Saved entries
+===+

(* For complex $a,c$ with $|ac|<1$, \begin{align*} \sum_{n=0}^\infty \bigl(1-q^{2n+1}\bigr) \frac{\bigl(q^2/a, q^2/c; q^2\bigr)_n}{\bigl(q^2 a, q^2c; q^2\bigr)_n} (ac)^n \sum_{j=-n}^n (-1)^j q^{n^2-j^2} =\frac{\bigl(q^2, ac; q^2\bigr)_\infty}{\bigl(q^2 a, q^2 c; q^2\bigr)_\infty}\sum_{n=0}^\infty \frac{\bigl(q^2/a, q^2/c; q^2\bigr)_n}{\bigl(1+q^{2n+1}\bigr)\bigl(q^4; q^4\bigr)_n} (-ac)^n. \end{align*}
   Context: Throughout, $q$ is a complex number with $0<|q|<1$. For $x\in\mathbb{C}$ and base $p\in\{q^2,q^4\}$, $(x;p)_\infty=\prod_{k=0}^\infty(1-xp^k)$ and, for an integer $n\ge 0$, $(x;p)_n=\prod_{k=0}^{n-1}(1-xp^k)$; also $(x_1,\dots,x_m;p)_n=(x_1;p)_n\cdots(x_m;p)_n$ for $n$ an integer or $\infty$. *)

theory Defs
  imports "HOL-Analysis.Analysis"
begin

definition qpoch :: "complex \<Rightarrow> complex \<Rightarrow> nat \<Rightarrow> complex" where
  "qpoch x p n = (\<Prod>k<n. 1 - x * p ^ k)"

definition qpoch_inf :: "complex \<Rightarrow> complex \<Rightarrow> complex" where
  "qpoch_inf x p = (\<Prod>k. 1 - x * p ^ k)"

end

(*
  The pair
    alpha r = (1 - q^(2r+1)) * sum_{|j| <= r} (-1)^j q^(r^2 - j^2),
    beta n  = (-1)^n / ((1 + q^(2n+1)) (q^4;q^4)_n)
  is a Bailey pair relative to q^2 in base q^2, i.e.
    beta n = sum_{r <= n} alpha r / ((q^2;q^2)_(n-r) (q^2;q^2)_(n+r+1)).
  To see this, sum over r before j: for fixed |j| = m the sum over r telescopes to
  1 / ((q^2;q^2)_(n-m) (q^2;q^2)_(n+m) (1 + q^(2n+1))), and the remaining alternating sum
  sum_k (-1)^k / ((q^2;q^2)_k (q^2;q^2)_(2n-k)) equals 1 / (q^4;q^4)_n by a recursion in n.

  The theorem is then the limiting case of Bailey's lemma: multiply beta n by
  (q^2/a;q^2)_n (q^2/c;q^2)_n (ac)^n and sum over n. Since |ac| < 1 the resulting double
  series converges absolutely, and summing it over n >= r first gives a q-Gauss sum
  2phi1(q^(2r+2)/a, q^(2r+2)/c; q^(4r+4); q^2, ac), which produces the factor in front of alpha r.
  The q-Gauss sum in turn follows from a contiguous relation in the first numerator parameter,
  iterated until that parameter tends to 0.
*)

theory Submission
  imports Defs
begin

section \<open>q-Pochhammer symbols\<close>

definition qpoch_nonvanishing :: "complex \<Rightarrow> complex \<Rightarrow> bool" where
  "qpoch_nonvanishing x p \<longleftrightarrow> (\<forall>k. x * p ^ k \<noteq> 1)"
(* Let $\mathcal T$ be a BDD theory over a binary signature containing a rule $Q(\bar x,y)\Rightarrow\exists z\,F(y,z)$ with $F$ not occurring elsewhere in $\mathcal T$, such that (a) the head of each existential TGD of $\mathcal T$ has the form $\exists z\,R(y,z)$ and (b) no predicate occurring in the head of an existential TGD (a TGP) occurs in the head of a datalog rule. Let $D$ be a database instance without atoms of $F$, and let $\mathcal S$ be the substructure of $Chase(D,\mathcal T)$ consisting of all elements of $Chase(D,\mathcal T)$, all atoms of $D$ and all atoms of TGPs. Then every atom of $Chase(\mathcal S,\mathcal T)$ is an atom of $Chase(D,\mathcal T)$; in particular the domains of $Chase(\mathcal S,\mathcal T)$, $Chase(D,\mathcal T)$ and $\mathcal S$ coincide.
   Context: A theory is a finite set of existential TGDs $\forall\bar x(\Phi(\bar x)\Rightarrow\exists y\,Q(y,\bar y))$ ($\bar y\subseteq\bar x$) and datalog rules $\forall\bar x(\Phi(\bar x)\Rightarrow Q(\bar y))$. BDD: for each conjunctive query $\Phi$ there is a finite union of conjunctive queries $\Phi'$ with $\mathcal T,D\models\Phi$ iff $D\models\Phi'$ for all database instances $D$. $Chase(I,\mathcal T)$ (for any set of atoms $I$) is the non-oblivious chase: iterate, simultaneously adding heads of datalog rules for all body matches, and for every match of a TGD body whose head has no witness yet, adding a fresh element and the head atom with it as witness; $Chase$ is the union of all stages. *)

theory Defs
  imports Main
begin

+===+

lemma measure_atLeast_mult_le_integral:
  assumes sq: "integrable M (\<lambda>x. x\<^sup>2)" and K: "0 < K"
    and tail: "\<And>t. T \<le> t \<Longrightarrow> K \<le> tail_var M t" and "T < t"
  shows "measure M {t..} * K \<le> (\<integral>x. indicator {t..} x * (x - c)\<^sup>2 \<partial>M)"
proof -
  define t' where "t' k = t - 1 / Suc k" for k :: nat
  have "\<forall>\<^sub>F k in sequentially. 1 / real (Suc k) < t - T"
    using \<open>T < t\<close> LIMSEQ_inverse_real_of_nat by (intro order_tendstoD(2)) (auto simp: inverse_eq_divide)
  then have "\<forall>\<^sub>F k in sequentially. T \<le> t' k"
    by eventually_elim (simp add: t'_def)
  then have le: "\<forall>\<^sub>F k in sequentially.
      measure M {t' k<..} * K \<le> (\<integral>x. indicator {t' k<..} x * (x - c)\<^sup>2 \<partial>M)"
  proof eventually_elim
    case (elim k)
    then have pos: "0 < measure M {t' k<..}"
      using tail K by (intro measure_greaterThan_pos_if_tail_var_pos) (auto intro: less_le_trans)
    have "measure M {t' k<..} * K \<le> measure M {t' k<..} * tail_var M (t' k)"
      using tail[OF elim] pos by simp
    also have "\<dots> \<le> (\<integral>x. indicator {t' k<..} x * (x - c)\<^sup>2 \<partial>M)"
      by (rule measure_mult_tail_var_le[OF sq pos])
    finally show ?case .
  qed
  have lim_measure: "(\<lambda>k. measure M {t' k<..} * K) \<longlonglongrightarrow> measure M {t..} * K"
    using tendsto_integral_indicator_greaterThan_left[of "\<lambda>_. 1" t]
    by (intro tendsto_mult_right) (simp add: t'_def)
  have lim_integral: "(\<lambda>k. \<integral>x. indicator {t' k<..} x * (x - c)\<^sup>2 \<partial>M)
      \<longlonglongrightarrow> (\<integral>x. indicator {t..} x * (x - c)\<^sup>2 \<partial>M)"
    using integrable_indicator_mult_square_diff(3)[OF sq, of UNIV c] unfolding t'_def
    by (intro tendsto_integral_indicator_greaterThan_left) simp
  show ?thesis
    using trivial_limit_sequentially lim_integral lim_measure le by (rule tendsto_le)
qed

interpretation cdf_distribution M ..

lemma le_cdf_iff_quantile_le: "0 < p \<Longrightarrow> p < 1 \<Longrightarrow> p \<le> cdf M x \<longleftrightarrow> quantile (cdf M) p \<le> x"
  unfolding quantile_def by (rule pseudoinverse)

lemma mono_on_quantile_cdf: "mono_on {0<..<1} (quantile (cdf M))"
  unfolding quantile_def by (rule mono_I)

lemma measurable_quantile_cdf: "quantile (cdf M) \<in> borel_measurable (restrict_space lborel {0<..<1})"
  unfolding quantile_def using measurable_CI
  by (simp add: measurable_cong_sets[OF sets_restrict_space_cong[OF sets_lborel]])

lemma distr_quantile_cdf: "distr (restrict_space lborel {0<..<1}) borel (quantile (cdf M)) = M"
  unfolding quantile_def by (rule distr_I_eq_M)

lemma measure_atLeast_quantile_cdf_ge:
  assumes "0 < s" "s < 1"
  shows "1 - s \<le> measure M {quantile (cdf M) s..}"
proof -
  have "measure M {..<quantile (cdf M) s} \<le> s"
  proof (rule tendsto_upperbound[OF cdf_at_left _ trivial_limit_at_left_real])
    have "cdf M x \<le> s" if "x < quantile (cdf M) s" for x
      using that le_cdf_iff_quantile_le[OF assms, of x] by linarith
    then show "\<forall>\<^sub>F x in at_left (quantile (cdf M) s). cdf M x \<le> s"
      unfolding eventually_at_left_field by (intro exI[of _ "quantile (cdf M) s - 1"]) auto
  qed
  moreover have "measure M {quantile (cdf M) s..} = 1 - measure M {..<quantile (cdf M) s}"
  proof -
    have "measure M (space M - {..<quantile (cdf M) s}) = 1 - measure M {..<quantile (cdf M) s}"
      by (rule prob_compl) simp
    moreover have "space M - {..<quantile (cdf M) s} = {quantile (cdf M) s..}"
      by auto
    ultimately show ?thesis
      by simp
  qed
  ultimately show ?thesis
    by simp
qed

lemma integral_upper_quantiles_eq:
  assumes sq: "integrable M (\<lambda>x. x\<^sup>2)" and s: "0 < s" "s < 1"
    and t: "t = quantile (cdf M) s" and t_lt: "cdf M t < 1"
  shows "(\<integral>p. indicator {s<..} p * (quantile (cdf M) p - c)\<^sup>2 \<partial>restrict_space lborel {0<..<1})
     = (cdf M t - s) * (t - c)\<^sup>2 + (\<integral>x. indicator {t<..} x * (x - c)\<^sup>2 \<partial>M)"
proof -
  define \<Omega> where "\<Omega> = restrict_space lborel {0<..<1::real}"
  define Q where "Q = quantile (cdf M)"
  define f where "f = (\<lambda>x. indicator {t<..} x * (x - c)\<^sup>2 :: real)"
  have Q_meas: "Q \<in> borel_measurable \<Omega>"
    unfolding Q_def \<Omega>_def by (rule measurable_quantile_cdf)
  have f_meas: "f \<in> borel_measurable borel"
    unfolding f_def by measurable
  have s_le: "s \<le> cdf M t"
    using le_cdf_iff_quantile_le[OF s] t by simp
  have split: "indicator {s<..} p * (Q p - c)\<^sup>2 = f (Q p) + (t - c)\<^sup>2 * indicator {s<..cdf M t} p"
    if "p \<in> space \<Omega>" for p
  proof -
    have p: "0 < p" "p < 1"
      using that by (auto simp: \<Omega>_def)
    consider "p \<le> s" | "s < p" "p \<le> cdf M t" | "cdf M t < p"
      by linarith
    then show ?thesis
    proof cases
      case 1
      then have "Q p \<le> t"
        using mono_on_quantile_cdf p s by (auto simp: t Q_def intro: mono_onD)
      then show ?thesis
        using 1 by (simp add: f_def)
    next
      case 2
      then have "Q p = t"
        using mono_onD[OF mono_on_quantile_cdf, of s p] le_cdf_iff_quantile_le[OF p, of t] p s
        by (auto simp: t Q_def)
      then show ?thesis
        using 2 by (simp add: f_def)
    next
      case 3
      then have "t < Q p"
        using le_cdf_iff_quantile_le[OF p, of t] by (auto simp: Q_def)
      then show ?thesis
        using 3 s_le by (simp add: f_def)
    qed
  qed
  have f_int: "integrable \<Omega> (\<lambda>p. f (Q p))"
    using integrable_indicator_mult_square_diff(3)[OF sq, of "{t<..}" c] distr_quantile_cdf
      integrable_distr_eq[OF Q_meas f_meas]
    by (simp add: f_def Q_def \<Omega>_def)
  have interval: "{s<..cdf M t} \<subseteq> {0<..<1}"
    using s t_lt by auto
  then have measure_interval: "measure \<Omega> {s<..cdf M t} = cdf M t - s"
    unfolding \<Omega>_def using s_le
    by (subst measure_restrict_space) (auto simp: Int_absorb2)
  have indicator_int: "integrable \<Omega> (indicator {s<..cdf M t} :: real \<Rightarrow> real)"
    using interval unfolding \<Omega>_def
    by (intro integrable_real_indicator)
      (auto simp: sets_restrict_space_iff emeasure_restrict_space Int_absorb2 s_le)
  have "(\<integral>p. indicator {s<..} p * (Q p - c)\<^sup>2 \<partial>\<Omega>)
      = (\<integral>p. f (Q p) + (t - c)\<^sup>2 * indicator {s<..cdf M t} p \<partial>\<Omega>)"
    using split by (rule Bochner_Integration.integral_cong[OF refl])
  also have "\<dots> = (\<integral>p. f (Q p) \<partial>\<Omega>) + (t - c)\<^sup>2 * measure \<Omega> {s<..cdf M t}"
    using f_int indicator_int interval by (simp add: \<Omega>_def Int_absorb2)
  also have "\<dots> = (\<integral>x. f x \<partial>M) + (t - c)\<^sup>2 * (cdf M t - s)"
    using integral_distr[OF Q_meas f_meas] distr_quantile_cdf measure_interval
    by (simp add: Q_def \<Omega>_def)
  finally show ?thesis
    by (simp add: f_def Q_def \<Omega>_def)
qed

+===+

▸ **WHAT IS EXPECTED**
Lines holding the string "assumes" must be copied out of the entries above.

▸ **OUTPUT OF THE TASK**
  assumes sq: "integrable M (\<lambda>x. x\<^sup>2)" and K: "0 < K"
  assumes "0 < s" "s < 1"
  assumes sq: "integrable M (\<lambda>x. x\<^sup>2)" and s: "0 < s" "s < 1"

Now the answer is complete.